:: Raw data ::
<<<<
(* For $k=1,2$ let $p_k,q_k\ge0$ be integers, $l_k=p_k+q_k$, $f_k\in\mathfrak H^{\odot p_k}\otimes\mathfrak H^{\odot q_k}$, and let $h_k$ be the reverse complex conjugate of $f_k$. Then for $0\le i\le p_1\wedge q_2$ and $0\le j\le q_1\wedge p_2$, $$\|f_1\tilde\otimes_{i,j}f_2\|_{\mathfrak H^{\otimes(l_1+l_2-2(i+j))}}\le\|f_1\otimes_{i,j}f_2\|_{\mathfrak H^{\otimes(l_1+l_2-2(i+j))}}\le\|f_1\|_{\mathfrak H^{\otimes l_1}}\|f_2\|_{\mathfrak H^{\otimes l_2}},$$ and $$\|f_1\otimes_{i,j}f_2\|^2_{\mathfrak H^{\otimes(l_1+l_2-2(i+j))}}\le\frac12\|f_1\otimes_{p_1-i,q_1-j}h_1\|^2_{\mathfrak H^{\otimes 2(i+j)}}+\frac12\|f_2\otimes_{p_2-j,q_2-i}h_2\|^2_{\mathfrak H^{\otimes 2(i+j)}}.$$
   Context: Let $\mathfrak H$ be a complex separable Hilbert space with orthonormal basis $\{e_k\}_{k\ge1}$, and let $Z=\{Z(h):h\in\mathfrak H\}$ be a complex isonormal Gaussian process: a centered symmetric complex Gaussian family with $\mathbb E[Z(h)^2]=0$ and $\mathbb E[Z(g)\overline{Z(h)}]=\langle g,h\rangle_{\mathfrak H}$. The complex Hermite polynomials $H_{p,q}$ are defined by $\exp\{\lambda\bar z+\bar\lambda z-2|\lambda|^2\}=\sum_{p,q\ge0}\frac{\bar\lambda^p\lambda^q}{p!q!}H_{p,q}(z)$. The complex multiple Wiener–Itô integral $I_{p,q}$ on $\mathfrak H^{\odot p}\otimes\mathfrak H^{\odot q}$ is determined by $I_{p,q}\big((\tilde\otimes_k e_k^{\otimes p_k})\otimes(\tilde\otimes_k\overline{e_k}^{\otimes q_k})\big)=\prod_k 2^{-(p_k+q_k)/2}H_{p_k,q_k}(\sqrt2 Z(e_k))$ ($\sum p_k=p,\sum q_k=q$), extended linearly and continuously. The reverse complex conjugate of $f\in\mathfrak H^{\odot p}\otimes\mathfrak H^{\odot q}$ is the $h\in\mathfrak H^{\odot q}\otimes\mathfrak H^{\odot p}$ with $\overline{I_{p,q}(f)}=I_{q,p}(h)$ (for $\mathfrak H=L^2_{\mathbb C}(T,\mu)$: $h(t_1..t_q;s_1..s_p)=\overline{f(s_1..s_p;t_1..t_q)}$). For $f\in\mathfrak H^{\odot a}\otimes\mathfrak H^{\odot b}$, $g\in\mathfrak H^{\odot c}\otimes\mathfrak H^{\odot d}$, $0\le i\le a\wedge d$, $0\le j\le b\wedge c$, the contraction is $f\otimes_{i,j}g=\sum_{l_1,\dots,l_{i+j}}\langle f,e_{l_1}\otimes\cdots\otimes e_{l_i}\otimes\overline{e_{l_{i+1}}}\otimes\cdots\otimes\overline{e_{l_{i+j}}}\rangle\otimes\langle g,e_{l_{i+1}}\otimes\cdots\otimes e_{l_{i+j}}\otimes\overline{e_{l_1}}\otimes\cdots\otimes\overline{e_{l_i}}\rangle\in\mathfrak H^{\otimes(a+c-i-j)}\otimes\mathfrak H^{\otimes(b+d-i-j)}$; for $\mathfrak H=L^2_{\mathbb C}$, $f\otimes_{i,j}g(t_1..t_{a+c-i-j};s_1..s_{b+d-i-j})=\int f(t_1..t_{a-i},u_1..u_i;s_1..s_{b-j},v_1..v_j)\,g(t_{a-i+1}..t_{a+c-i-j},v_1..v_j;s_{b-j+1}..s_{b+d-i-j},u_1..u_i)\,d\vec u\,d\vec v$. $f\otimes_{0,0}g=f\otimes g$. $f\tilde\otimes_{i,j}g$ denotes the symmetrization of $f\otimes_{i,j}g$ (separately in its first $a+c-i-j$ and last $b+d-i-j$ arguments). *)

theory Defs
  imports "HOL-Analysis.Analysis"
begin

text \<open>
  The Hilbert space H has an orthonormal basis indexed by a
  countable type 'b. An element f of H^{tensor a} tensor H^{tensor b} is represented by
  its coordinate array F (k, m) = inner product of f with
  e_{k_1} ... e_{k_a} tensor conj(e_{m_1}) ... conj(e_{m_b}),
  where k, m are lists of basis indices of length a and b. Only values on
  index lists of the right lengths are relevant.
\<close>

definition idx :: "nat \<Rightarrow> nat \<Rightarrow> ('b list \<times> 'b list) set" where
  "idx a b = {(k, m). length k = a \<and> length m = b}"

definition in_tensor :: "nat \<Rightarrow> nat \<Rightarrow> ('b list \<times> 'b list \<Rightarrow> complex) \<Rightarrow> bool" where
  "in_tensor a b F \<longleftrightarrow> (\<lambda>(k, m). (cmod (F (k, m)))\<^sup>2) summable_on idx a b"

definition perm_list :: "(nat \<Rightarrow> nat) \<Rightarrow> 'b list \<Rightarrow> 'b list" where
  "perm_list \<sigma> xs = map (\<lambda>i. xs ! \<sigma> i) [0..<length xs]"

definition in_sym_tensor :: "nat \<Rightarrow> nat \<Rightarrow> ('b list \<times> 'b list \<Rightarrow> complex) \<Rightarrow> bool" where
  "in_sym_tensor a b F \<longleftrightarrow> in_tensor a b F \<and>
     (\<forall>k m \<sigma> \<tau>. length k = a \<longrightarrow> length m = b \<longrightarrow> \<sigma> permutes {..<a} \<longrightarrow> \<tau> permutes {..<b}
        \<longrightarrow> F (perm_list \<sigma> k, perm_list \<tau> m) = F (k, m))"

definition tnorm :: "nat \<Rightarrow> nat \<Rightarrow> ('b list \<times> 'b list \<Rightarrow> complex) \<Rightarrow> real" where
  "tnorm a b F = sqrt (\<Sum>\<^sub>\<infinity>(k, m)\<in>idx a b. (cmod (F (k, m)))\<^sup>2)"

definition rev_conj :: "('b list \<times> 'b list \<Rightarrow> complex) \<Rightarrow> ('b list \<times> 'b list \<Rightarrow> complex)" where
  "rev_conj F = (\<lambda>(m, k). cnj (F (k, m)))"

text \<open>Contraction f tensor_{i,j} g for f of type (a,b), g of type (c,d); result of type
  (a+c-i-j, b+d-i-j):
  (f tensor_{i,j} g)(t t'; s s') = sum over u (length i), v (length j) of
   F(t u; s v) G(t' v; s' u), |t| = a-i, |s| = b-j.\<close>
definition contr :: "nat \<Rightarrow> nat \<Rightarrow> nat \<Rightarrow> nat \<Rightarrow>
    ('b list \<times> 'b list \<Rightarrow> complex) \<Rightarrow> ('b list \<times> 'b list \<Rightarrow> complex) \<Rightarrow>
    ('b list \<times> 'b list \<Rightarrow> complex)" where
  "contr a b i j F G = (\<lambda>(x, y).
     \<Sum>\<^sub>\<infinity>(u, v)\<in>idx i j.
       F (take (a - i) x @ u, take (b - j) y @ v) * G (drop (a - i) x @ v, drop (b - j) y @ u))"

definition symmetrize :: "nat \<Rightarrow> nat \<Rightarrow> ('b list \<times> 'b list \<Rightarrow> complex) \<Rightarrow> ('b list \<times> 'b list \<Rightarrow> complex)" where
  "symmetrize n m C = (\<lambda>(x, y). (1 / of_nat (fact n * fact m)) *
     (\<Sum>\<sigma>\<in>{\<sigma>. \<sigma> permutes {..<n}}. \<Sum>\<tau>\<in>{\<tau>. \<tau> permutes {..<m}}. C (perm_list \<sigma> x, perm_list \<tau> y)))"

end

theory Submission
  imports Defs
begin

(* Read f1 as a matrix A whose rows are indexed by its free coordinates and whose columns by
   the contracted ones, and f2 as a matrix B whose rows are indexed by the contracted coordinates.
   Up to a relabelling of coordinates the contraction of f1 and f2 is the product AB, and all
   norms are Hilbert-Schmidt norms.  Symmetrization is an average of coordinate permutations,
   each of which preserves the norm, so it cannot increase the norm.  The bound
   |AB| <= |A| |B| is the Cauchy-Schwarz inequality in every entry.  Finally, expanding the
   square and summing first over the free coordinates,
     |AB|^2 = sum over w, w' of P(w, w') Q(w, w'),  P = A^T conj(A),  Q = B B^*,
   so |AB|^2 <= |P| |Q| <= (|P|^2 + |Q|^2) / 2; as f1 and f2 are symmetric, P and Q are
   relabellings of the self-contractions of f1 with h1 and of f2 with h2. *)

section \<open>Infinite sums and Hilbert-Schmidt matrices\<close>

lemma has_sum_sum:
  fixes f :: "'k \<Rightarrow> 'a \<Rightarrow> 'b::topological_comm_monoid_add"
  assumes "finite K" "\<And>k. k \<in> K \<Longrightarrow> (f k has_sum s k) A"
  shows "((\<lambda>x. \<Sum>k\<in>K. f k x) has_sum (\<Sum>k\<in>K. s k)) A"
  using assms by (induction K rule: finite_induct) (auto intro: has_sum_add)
>>>>
Could you retype exactly the lines above, starting at the line that contains "F (perm_list \<sigma>" and ending at the line that contains "sqrt (\<Sum>\<^sub>\<infinity>(k, m)\<in>idx", and nothing more?

        \<longrightarrow> F (perm_list \<sigma> k, perm_list \<tau> m) = F (k, m))"

definition tnorm :: "nat \<Rightarrow> nat \<Rightarrow> ('b list \<times> 'b list \<Rightarrow> complex) \<Rightarrow> real" where
  "tnorm a b F = sqrt (\<Sum>\<^sub>\<infinity>(k, m)\<in>idx a b. (cmod (F (k, m)))\<^sup>2)"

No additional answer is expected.